Task objective:
Provide only the number of lines in the records below that include "lambda".
(Data for review)
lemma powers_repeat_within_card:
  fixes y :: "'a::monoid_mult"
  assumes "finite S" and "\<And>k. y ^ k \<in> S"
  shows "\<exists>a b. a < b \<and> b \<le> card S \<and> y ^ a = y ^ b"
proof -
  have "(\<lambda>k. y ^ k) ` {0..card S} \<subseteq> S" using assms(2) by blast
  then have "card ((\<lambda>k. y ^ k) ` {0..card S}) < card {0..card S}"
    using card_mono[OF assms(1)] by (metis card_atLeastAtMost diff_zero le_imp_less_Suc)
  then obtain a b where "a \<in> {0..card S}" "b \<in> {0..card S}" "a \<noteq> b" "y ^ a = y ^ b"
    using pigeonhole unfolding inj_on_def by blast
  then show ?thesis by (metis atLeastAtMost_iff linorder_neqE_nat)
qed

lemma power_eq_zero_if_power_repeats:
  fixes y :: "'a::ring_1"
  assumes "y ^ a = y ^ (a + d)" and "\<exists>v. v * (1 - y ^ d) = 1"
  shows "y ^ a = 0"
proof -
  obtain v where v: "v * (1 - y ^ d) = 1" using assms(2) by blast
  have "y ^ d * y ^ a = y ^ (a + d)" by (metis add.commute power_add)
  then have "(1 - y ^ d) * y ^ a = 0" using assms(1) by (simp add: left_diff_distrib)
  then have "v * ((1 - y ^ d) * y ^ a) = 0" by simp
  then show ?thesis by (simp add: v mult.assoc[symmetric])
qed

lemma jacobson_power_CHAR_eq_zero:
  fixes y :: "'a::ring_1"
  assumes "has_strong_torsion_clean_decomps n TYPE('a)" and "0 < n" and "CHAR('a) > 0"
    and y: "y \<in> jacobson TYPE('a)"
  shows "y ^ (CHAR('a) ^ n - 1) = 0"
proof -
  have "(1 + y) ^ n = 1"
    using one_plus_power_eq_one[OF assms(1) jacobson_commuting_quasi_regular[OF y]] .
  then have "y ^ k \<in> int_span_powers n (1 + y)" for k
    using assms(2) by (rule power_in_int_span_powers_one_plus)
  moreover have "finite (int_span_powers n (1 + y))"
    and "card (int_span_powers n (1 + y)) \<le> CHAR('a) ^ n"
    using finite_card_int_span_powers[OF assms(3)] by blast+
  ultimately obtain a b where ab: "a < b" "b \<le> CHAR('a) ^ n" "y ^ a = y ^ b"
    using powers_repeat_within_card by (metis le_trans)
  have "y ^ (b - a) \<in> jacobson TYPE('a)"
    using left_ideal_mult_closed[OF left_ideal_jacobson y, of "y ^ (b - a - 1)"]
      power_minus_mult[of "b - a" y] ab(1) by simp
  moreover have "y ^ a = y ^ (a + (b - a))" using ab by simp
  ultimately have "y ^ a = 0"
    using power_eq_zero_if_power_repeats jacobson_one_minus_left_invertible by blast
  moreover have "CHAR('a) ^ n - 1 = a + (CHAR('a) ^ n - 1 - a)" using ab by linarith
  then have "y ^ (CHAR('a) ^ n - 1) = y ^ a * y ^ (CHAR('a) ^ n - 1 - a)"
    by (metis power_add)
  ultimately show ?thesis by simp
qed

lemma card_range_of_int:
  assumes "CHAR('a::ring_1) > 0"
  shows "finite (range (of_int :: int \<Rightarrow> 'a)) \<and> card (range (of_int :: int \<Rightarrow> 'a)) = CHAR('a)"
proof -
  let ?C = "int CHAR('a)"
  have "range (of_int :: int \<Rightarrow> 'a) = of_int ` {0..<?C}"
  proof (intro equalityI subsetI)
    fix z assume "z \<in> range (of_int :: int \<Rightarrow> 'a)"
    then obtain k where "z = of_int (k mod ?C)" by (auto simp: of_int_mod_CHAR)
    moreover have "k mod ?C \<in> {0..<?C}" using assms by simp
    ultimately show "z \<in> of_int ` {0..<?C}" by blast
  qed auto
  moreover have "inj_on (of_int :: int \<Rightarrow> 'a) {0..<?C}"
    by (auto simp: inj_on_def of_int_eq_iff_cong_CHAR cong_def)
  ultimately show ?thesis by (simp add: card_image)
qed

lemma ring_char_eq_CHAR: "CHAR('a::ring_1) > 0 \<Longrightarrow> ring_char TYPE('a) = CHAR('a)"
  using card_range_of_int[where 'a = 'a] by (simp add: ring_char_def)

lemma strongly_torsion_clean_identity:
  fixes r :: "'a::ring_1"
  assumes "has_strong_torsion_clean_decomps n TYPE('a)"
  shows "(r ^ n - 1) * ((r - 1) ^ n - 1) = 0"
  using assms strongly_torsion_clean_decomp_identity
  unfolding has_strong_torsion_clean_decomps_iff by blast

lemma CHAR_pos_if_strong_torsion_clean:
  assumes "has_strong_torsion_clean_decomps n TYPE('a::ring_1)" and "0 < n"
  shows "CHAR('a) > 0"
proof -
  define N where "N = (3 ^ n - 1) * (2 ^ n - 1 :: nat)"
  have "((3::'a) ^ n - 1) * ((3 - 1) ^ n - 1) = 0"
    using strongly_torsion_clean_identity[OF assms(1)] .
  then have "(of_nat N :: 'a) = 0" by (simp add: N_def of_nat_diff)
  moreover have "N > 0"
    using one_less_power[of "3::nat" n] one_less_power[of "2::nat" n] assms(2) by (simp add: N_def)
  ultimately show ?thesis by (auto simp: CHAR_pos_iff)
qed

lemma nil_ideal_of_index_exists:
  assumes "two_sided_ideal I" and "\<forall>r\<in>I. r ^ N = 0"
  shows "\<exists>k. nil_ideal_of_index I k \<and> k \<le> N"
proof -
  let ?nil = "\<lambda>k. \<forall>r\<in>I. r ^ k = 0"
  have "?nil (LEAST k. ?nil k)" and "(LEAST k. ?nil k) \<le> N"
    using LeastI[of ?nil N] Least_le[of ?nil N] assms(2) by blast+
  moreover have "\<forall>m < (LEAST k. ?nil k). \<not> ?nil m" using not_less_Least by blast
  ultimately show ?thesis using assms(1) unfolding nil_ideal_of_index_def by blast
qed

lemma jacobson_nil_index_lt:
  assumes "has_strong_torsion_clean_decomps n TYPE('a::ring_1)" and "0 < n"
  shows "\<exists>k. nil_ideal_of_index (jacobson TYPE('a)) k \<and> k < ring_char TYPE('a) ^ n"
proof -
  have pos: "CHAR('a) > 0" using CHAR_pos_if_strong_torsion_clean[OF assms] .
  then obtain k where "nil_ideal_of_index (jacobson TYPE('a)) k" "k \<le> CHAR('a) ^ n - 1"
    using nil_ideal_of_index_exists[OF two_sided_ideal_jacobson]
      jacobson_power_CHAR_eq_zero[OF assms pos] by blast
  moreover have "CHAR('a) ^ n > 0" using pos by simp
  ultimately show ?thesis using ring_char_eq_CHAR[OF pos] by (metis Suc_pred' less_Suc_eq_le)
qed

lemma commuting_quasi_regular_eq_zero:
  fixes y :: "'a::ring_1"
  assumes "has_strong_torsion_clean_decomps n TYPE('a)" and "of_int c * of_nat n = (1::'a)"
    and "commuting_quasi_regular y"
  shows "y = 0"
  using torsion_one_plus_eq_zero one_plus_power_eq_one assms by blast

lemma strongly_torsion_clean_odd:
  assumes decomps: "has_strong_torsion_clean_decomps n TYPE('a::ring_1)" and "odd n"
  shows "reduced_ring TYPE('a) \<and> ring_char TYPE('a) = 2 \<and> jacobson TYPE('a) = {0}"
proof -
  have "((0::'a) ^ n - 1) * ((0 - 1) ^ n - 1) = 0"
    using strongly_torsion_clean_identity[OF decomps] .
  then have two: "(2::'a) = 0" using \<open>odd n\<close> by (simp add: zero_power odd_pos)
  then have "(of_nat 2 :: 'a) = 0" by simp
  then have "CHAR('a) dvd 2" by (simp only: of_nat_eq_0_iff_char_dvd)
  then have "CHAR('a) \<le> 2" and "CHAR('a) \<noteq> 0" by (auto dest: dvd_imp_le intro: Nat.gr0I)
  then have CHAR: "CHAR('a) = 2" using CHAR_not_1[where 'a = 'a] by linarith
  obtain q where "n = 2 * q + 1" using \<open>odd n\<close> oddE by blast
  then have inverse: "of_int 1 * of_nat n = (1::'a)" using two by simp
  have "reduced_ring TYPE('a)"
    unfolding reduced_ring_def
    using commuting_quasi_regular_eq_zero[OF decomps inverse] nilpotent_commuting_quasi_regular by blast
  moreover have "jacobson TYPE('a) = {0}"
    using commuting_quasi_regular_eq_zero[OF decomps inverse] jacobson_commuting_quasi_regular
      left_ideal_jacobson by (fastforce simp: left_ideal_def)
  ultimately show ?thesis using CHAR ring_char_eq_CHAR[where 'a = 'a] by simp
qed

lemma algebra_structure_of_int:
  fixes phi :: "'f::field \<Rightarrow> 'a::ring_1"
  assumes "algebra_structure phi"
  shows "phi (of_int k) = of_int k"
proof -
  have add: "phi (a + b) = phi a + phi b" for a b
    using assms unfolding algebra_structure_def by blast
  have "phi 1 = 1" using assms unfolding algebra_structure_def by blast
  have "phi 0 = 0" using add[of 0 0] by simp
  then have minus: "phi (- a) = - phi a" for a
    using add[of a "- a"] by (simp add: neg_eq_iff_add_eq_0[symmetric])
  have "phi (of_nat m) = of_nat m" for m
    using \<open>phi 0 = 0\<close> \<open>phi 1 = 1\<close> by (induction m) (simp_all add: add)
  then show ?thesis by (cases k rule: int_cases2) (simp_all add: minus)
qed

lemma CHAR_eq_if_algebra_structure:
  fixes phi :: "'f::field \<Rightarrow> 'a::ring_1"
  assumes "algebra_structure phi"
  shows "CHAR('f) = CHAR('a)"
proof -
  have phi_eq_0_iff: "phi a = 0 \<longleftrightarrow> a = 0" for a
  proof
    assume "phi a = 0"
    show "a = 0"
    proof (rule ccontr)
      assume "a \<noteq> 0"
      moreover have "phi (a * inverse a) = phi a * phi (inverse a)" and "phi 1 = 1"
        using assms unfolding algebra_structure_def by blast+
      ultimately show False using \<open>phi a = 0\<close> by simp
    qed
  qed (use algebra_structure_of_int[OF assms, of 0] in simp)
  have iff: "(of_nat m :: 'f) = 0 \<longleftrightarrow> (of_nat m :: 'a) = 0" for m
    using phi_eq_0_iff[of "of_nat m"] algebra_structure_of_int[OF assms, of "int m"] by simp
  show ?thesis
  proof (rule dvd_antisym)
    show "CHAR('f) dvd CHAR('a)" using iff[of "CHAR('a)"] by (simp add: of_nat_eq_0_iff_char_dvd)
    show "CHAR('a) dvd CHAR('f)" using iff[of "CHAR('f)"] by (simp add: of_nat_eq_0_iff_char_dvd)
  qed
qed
(End Data for review)
Problem solution:
3